With summer on the way, we should let children play outdoors – without wrapping them up in cotton wool – and let them take risks, says Liz Fraser
It seemed as if it would never happen, but this week the weather gods finally woke up and answered the desperate prayers of a shivering, vitamin-D deprived nation, and delivered a heavenly dose of unbroken sunshine.
T-shirts were thrown on, dusty sandals were unearthed, barbecues were lit and we all got out there to enjoy the sunshine. With the warmer weather and longer days comes, of course, a wish to be outdoors, and this is especially true for children. They want to run around in freshly mown parks, climb trees laden with cherry blossom and whizz around on their bikes and scooters.
And their parents immediately start to panic about all the things that could go wrong if they grant such freedoms to their adventurous children.
A park is full of strangers who might harm their child, they might fall out of that tree, a bike is a broken arm just waiting to happen, teeth will be knocked out if they fall off their scooter… Bad Things might happen.
This (perfectly understandable) concern about the welfare of our children seems, in recent years, to have grown into a semi-hysteria, fuelled by exaggerated media reports of injury, abduction and freak accidents happening to children in the most unthreatening of environments, made all the worse by horror stories that go viral on social media.
The result is a generation of parents who are terrified of Bad Things happening to their children, and children who are so over-protected that they can’t breathe. They are growing up in the ‘safe’ glow of a TV screen, the protective casing of cars and the cosy shelter of permanent monitoring.
But it’s not cosy. Because protecting children from everything that can possibly go wrong doesn’t teach them anything of the real world, and gives them no taste of failure, pain or disappointment.
Clinical psychologist and broadcaster Professor Tanya Byron is concerned about the clinical effects of not letting our children take risks.
‘Anxiety disorders in children are rising,’ she says. ‘We are living in a risk-averse society where children are raised in virtual captivity due to parental paranoia about risk, over-inflated by the media. More and more children are now over-protected to the degree that they understand neither risk nor the value of failure as a learning experience.’
Clinical psychologist Linda Blair, whose book The Key To Calm is published next year, sees risk-taking as a valuable experience and even as something pleasurable, but she stops short of saying that failure is ‘good’.

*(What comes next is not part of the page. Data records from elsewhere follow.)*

lemma card_perfect_matchings_eq:
  assumes "finite U" and "finite U'" and "card U = card U'"
  shows "card (perfect_matchings U) = card (perfect_matchings U')"
proof -
  obtain g where "bij_betw g U U'" using finite_same_card_bij[OF assms] by blast
  then have "bij_betw (the_inv_into U g) U' U" by (rule bij_betw_the_inv_into)
  have "card (perfect_matchings U) \<le> card (perfect_matchings U')"
    using card_perfect_matchings_le[OF _ assms(1), of g] \<open>bij_betw g U U'\<close>
    unfolding bij_betw_def by simp
  moreover have "card (perfect_matchings U') \<le> card (perfect_matchings U)"
    using card_perfect_matchings_le[OF _ assms(2), of "the_inv_into U g"]
      \<open>bij_betw (the_inv_into U g) U' U\<close>
    unfolding bij_betw_def by simp
  ultimately show ?thesis by (rule antisym)
qed

lemma perfect_matchings_nonempty:
  assumes "finite U" and "card U = 2 * j"
  shows "perfect_matchings U \<noteq> {}"
  using assms
proof (induction j arbitrary: U)
  case 0
  then have "{} \<in> perfect_matchings U" unfolding perfect_matchings_def by simp
  then show ?case by blast
next
  case (Suc j)
  then have "card U \<ge> 2" by simp
  then obtain a b where ab: "a \<in> U" "b \<in> U" "a \<noteq> b"
    by (metis One_nat_def Suc_1 card_le_Suc_iff numeral_2_eq_2 insertCI)
  have "card (U - {a, b}) = 2 * j" using Suc.prems ab by (simp add: card_Diff_subset)
  with Suc.IH Suc.prems(1) obtain M where "M \<in> perfect_matchings (U - {a, b})" by blast
  then have M: "disjoint M" "\<forall>e\<in>M. card e = 2" "\<Union>M = U - {a, b}"
    unfolding perfect_matchings_def by auto
  have "disjoint (insert {a, b} M)"
  proof (rule disjointI)
    fix x y assume "x \<in> insert {a, b} M" "y \<in> insert {a, b} M" "x \<noteq> y"
    moreover have "{a, b} \<inter> e = {}" if "e \<in> M" for e
      using that M(3) by blast
    ultimately show "x \<inter> y = {}"
      using disjointD[OF M(1)] by (metis Int_commute insertE)
  qed
  moreover have "\<Union>(insert {a, b} M) = U" using ab M(3) by blast
  moreover have "\<forall>e\<in>insert {a, b} M. card e = 2" using ab M(2) by simp
  ultimately have "insert {a, b} M \<in> perfect_matchings U"
    unfolding perfect_matchings_def by blast
  then show ?case by blast
qed

lemma matchings_by_vertex_set:
  "{E. E \<subseteq> {e. e \<subseteq> V \<and> card e = 2} \<and> disjoint E \<and> card E = k \<and> Q (\<Union>E)}
     = (\<Union>U\<in>{U. U \<subseteq> V \<and> card U = 2 * k \<and> Q U}. perfect_matchings U)"
proof (intro equalityI subsetI)
  fix E assume "E \<in> {E. E \<subseteq> {e. e \<subseteq> V \<and> card e = 2} \<and> disjoint E \<and> card E = k \<and> Q (\<Union>E)}"
  then have E: "\<forall>e\<in>E. e \<subseteq> V \<and> card e = 2" "disjoint E" "card E = k" "Q (\<Union>E)"
    by blast+
  then have "card (\<Union>E) = 2 * k" using card_Union_matching[of E] by simp
  moreover have "\<Union>E \<subseteq> V" using E(1) by blast
  ultimately have "\<Union>E \<in> {U. U \<subseteq> V \<and> card U = 2 * k \<and> Q U}" using E(4) by simp
  moreover have "E \<in> perfect_matchings (\<Union>E)" using E unfolding perfect_matchings_def by simp
  ultimately show "E \<in> (\<Union>U\<in>{U. U \<subseteq> V \<and> card U = 2 * k \<and> Q U}. perfect_matchings U)"
    by (rule UN_I)
next
  fix E assume "E \<in> (\<Union>U\<in>{U. U \<subseteq> V \<and> card U = 2 * k \<and> Q U}. perfect_matchings U)"
  then obtain U where "U \<in> {U. U \<subseteq> V \<and> card U = 2 * k \<and> Q U}" and "E \<in> perfect_matchings U"
    by (rule UN_E)
  then have U: "U \<subseteq> V" "card U = 2 * k" "Q U" and "E \<in> perfect_matchings U" by simp_all
  then have E: "disjoint E" "\<forall>e\<in>E. card e = 2" "\<Union>E = U"
    unfolding perfect_matchings_def by simp_all
  then have "card E = k" using card_Union_matching[of E] U(2) by simp
  moreover have "E \<subseteq> {e. e \<subseteq> V \<and> card e = 2}" using E U(1) by blast
  ultimately show "E \<in> {E. E \<subseteq> {e. e \<subseteq> V \<and> card e = 2} \<and> disjoint E \<and> card E = k \<and> Q (\<Union>E)}"
    using E U(3) by simp
qed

‘Cushioning children so that they can’t solve problems in the real world is deeply unhelpful,’ she says, ‘but failure per se isn’t a positive thing for children.’
There is a misplacement of emphasis about failure and success in our culture. We know from the recent Young Minds study that the most important thing to do for a child is to praise their effort and not whether they succeed or not. ‘If you only praise successful results you set them up for low self-confidence and for never taking a chance. Taking a chance, having a go, is what makes life taste good!’
So what would Professor Byron say to nervous parents who really believe it’s dangerous to let their children out alone or to walk to school unaccompanied that would encourage them to let their kids take small risks?
‘Anxious parents lead to anxious children who are unable to assess and manage risk,’ she says. ‘I would urge parents to remember that this makes them vulnerable in the real world, which is full of risk and challenge. As parents we were raised in a more relaxed culture that allowed us to live outside and experience the world. By denying this to our children in a managed way we are denying them important life-skill development. Where are the free-range kids? We are breeding a generation that’s afraid of life, afraid of interaction with men, afraid of failure. Life is tough, and kids need to be robust and assertive in their handling of it.’
I remember a top-grade girl in my class at school who had never failed at anything in her life. At the age of 17 she flunked her driving test completely. This was her first taste of failure – she all but fell to pieces. And such was her fear of failing again, that she was unable to take her test again for years.
It’s much healthier to learn to cope with failure gradually, to fall out of trees and get a few frights, and gather up some grazes and scars through childhood, so that when the bigger disappointments come along, we are ready to face them.
For Blair, failure is a useful time for reflection.
‘When we succeed we often feel smug and self-satisfied, and move on,’ she says. ‘But when we fail we sit and think. We evaluate things, and learn something of ourselves. Children need to do this, too. To learn to get back up, and try again.’
And, she says, there’s one very positive thing bear in mind. ‘Life isn’t all that dangerous – just look at how many of us keeping getting up every morning!’
I hope more parents will let their children go this summer, and let them get out there and learn a little about the world… without the cotton wool padding and the fear.